Stored items
┌──

(* Consider any trajectory of the hybrid devil-stick model below, and suppose that for some $k$, $D\rho_k=0$ and $D\rho_{k+1}=0$. Then $$S_m\,\omega_{k+1}-S_p\,\omega_k=-K\sin\theta_k\left[\frac{1}{\omega_k}+\frac{1}{\omega_{k+1}}\right],$$ where $K=\frac{g(\Delta\theta^* )^2}{4R\sin(\Delta\theta^*/2)}$, $S_m=\sin(\phi-\Delta\theta^*/2)$, $S_p=\sin(\phi+\Delta\theta^*/2)$. In particular, if $\phi=\pi/2$ (resp. $\phi=-\pi/2$) this becomes $\omega_{k+1}-\omega_k=P\sin\theta_k\left[\frac1{\omega_k}+\frac1{\omega_{k+1}}\right]$ with $P=-\frac{g(\Delta\theta^* )^2}{2R\sin\Delta\theta^*}$ (resp. $P=\frac{g(\Delta\theta^* )^2}{2R\sin\Delta\theta^*}$).
   Context: Constants: $m,J,g,R>0$, $\Delta\theta^*\in(0,\pi)$, $\phi\in(-\pi,\pi]$. The hybrid model consists of sequences $h(k),v(k)\in\mathbb{R}^2$, $\theta_k\in\mathbb{R}$, $\omega_k>0$, inputs $I_k,r_k\in\mathbb{R}$ and $\delta_k>0$ satisfying, for all $k\ge1$: $h(k+1)=h(k)+v(k)\delta_k+\begin{bmatrix}-\sin\theta_k\\ \cos\theta_k\end{bmatrix}\frac{I_k\delta_k}{m}+\begin{bmatrix}0\\-\tfrac12 g\delta_k^2\end{bmatrix}$, $v(k+1)=v(k)+\begin{bmatrix}-\sin\theta_k\\ \cos\theta_k\end{bmatrix}\frac{I_k}{m}+\begin{bmatrix}0\\-g\delta_k\end{bmatrix}$, $\theta_{k+1}=\theta_k+\Delta\theta^*$, $\omega_{k+1}=\omega_k+\frac{I_kr_k}{J}$, $\delta_k=\Delta\theta^*/\omega_{k+1}$. Define $\Phi(\theta)=\begin{bmatrix}R\cos(\theta-\phi)\\ R\sin(\theta-\phi)\end{bmatrix}$, $\Psi(\theta,\omega)=\frac{\omega}{\Delta\theta^*}[\Phi(\theta)-\Phi(\theta-\Delta\theta^* )]-\begin{bmatrix}0\\ \frac{g\Delta\theta^*}{2\omega}\end{bmatrix}$, $\rho_k=h(k)-\Phi(\theta_k)$ and $D\rho_k=v(k)-\Psi(\theta_k,\omega_k)$. *)

theory Defs
  imports "HOL-Analysis.Analysis"
begin

definition Phi :: "real \<Rightarrow> real \<Rightarrow> real \<Rightarrow> real \<times> real" where
  "Phi R \<phi> \<theta> = (R * cos (\<theta> - \<phi>), R * sin (\<theta> - \<phi>))"

definition Psi :: "real \<Rightarrow> real \<Rightarrow> real \<Rightarrow> real \<Rightarrow> real \<Rightarrow> real \<Rightarrow> real \<times> real" where
  "Psi g R \<phi> d\<theta> \<theta> \<omega> =
     (\<omega> / d\<theta>) *\<^sub>R (Phi R \<phi> \<theta> - Phi R \<phi> (\<theta> - d\<theta>)) - (0, g * d\<theta> / (2 * \<omega>))"

definition devil_traj ::
  "real \<Rightarrow> real \<Rightarrow> real \<Rightarrow> real \<Rightarrow>
   (nat \<Rightarrow> real \<times> real) \<Rightarrow> (nat \<Rightarrow> real \<times> real) \<Rightarrow> (nat \<Rightarrow> real) \<Rightarrow> (nat \<Rightarrow> real) \<Rightarrow>
   (nat \<Rightarrow> real) \<Rightarrow> (nat \<Rightarrow> real) \<Rightarrow> (nat \<Rightarrow> real) \<Rightarrow> bool" where
  "devil_traj m J g d\<theta> h v \<theta> \<omega> I r \<delta> \<longleftrightarrow>
     (\<forall>k\<ge>1.
        \<omega> k > 0 \<and> \<delta> k > 0 \<and>
        h (k+1) = h k + \<delta> k *\<^sub>R v k + (I k * \<delta> k / m) *\<^sub>R (- sin (\<theta> k), cos (\<theta> k))
                  + (0, - (1/2) * g * (\<delta> k)\<^sup>2) \<and>
        v (k+1) = v k + (I k / m) *\<^sub>R (- sin (\<theta> k), cos (\<theta> k)) + (0, - g * \<delta> k) \<and>
        \<theta> (k+1) = \<theta> k + d\<theta> \<and>
        \<omega> (k+1) = \<omega> k + I k * r k / J \<and>
        \<delta> k = d\<theta> / \<omega> (k+1))"

end

theory Submission
  imports Defs
begin

text \<open>The impulse acts along \<open>(- sin \<theta>\<^sub>k, cos \<theta>\<^sub>k)\<close>, so projecting the velocity update
  onto the orthogonal radial direction \<open>(cos \<theta>\<^sub>k, sin \<theta>\<^sub>k)\<close> eliminates the unknown impulse:
  only gravity, acting for the time \<open>\<Delta>\<theta>\<^sup>* / \<omega>(k+1)\<close>, changes the radial velocity.  If \<open>v\<close>
  agrees with \<open>\<Psi>\<close> at steps \<open>k\<close> and \<open>k + 1\<close>, both radial velocities are explicit trigonometric
  expressions in \<open>\<omega>(k)\<close> resp. \<open>\<omega>(k+1)\<close>, and equating them gives the relation.  For
  \<open>\<phi> = \<plusminus>\<pi>/2\<close> both sines in it equal \<open>\<plusminus>cos(\<Delta>\<theta>\<^sup>*/2)\<close>, which cancels against
  \<open>sin \<Delta>\<theta>\<^sup>* = 2 sin(\<Delta>\<theta>\<^sup>*/2) cos(\<Delta>\<theta>\<^sup>*/2)\<close>.\<close>

lemma inner_Phi: "(cos t, sin t) \<bullet> Phi R \<phi> s = R * cos (s - \<phi> - t)"
  using cos_diff[of "s - \<phi>" t] by (simp add: Phi_def algebra_simps)

lemma inner_Psi:
  "(cos t, sin t) \<bullet> Psi g R \<phi> d (t + c) \<omega>
     = (2 * \<omega> * R * sin (d/2) / d) * sin (\<phi> + d/2 - c) - g * d * sin t / (2 * \<omega>)"
proof -
  have "cos (c - \<phi>) - cos (c - d - \<phi>) = 2 * sin (d/2) * sin (\<phi> + d/2 - c)"
  proof -
    have "(c - \<phi> + (c - d - \<phi>)) / 2 = - (\<phi> + d/2 - c)" "(c - d - \<phi> - (c - \<phi>)) / 2 = - (d/2)"
      by simp_all
    then show ?thesis
      using cos_diff_cos[of "c - \<phi>" "c - d - \<phi>"] by (simp only: sin_minus) simp
  qed
  then show ?thesis
    by (simp add: Psi_def inner_diff_right inner_Phi algebra_simps)
qed

lemma devil_traj_radial_velocity_step:
  assumes "devil_traj m J g d\<theta> h v \<theta> \<omega> I r \<delta>" "k \<ge> 1"
  shows "(cos (\<theta> k), sin (\<theta> k)) \<bullet> v (k+1)
           = (cos (\<theta> k), sin (\<theta> k)) \<bullet> v k - g * \<delta> k * sin (\<theta> k)"
  using assms unfolding devil_traj_def by (auto simp: inner_add_right algebra_simps)

lemma devil_traj_omega_relation:
  assumes "R > 0" "0 < d\<theta>" "d\<theta> < pi"
    and traj: "devil_traj m J g d\<theta> h v \<theta> \<omega> I r \<delta>" and "k \<ge> 1"
    and v_k: "v k = Psi g R \<phi> d\<theta> (\<theta> k) (\<omega> k)"
    and v_Suc_k: "v (k+1) = Psi g R \<phi> d\<theta> (\<theta> (k+1)) (\<omega> (k+1))"
  shows "sin (\<phi> - d\<theta>/2) * \<omega> (k+1) - sin (\<phi> + d\<theta>/2) * \<omega> k
           = - (g * d\<theta>\<^sup>2 / (4 * R * sin (d\<theta>/2))) * sin (\<theta> k) * (1 / \<omega> k + 1 / \<omega> (k+1))"
proof -
  define A where "A = 2 * R * sin (d\<theta>/2) / d\<theta>"
  have "sin (d\<theta>/2) > 0"
    using assms(2,3) by (intro sin_gt_zero) auto
  then have "A > 0"
    using assms(1,2) by (simp add: A_def)
  have dynamics: "\<omega> k > 0 \<and> \<omega> (k+1) > 0 \<and> \<theta> (k+1) = \<theta> k + d\<theta> \<and> \<delta> k = d\<theta> / \<omega> (k+1)"
    using traj[unfolded devil_traj_def, rule_format, of k] traj[unfolded devil_traj_def, rule_format, of "k+1"]
      \<open>k \<ge> 1\<close> by simp
  have "A * \<omega> (k+1) * sin (\<phi> - d\<theta>/2) - g * d\<theta> * sin (\<theta> k) / (2 * \<omega> (k+1))
      = A * \<omega> k * sin (\<phi> + d\<theta>/2) - g * d\<theta> * sin (\<theta> k) / (2 * \<omega> k)
        - g * (d\<theta> / \<omega> (k+1)) * sin (\<theta> k)"
    using devil_traj_radial_velocity_step[OF traj \<open>k \<ge> 1\<close>] v_k v_Suc_k dynamics
      inner_Psi[of "\<theta> k" g R \<phi> d\<theta> d\<theta>] inner_Psi[of "\<theta> k" g R \<phi> d\<theta> 0]
    by (simp add: A_def mult_ac)
  then have "A * (sin (\<phi> - d\<theta>/2) * \<omega> (k+1) - sin (\<phi> + d\<theta>/2) * \<omega> k)
      = - (g * d\<theta> / 2) * sin (\<theta> k) * (1 / \<omega> k + 1 / \<omega> (k+1))"
    using dynamics by (simp add: field_simps)
  then show ?thesis
    using \<open>A > 0\<close> \<open>sin (d\<theta>/2) > 0\<close> assms(1,2)
    by (simp add: A_def field_simps power2_eq_square)
qed

lemma half_angle_coefficient:
  fixes c R d :: real
  assumes "sin d \<noteq> 0"
  shows "c / (4 * R * sin (d/2)) = cos (d/2) * (c / (2 * R * sin d))"
proof -
  have "sin d = 2 * sin (d/2) * cos (d/2)"
    using sin_double[of "d/2"] by simp
  with assms show ?thesis
    by (auto simp: field_simps)
qed

lemma omega_relation_vertical:
  fixes \<phi> d c R w0 w1 s y :: real
  assumes rel: "sin (\<phi> - d/2) * w1 - sin (\<phi> + d/2) * w0 = - (c / (4 * R * sin (d/2))) * s * y"
    and "0 < d" "d < pi"
  shows "\<phi> = pi/2 \<Longrightarrow> w1 - w0 = - (c / (2 * R * sin d)) * s * y"
    and "\<phi> = -pi/2 \<Longrightarrow> w1 - w0 = (c / (2 * R * sin d)) * s * y"
proof -
  have "cos (d/2) > 0"
    using assms(2,3) by (intro cos_gt_zero) auto
  have coeff: "c / (4 * R * sin (d/2)) = cos (d/2) * (c / (2 * R * sin d))"
    using assms(2,3) by (intro half_angle_coefficient) (simp add: sin_gt_zero less_imp_neq[symmetric])
  show "w1 - w0 = - (c / (2 * R * sin d)) * s * y" if "\<phi> = pi/2"
  proof -
    have "cos (d/2) * (w1 - w0) = cos (d/2) * (- (c / (2 * R * sin d)) * s * y)"
      using rel unfolding coeff \<open>\<phi> = pi/2\<close> by (simp add: sin_diff sin_add algebra_simps)
    with \<open>cos (d/2) > 0\<close> show ?thesis
      by (metis mult_cancel_left neg_equal_0_iff_equal order_less_irrefl)
  qed
  show "w1 - w0 = (c / (2 * R * sin d)) * s * y" if "\<phi> = -pi/2"
  proof -
    have "- cos (d/2) * (w1 - w0) = - cos (d/2) * ((c / (2 * R * sin d)) * s * y)"
      using rel unfolding coeff \<open>\<phi> = -pi/2\<close> by (simp add: sin_diff sin_add algebra_simps)
    with \<open>cos (d/2) > 0\<close> show ?thesis
      by (metis mult_cancel_left neg_equal_0_iff_equal order_less_irrefl)
  qed
qed

theorem mainTheorem6:
  fixes m J g R d\<theta> \<phi> :: real
    and h v :: "nat \<Rightarrow> real \<times> real"
    and \<theta> \<omega> I r \<delta> :: "nat \<Rightarrow> real"
    and k :: nat
  assumes "m > 0" "J > 0" "g > 0" "R > 0"
    and "0 < d\<theta>" "d\<theta> < pi"
    and "-pi < \<phi>" "\<phi> \<le> pi"
    and "devil_traj m J g d\<theta> h v \<theta> \<omega> I r \<delta>"
    and "k \<ge> 1"
    and "v k - Psi g R \<phi> d\<theta> (\<theta> k) (\<omega> k) = 0"
    and "v (k+1) - Psi g R \<phi> d\<theta> (\<theta> (k+1)) (\<omega> (k+1)) = 0"
  shows "sin (\<phi> - d\<theta>/2) * \<omega> (k+1) - sin (\<phi> + d\<theta>/2) * \<omega> k
           = - (g * d\<theta>\<^sup>2 / (4 * R * sin (d\<theta>/2))) * sin (\<theta> k) * (1 / \<omega> k + 1 / \<omega> (k+1))
         \<and> (\<phi> = pi/2 \<longrightarrow> \<omega> (k+1) - \<omega> k
           = (- (g * d\<theta>\<^sup>2 / (2 * R * sin d\<theta>))) * sin (\<theta> k) * (1 / \<omega> k + 1 / \<omega> (k+1)))
         \<and> (\<phi> = -pi/2 \<longrightarrow> \<omega> (k+1) - \<omega> k
           = (g * d\<theta>\<^sup>2 / (2 * R * sin d\<theta>)) * sin (\<theta> k) * (1 / \<omega> k + 1 / \<omega> (k+1)))"
proof -
  have rel: "sin (\<phi> - d\<theta>/2) * \<omega> (k+1) - sin (\<phi> + d\<theta>/2) * \<omega> k
      = - (g * d\<theta>\<^sup>2 / (4 * R * sin (d\<theta>/2))) * sin (\<theta> k) * (1 / \<omega> k + 1 / \<omega> (k+1))"
    using assms(11,12) by (intro devil_traj_omega_relation[OF assms(4,5,6,9,10)]) simp_all
  show ?thesis
    using rel omega_relation_vertical[OF rel assms(5,6)] by simp
qed

end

└──

ACTIVITY
Gather up, from the records above, each line where the word "intro" appears.

RESPONSE TO THE EXERCISE
    using assms(2,3) by (intro sin_gt_zero) auto
    using assms(2,3) by (intro cos_gt_zero) auto
    using assms(2,3) by (intro half_angle_coefficient) (simp add: sin_gt_zero less_imp_neq[symmetric])
    using assms(11,12) by (intro devil_traj_omega_relation[OF assms(4,5,6,9,10)]) simp_all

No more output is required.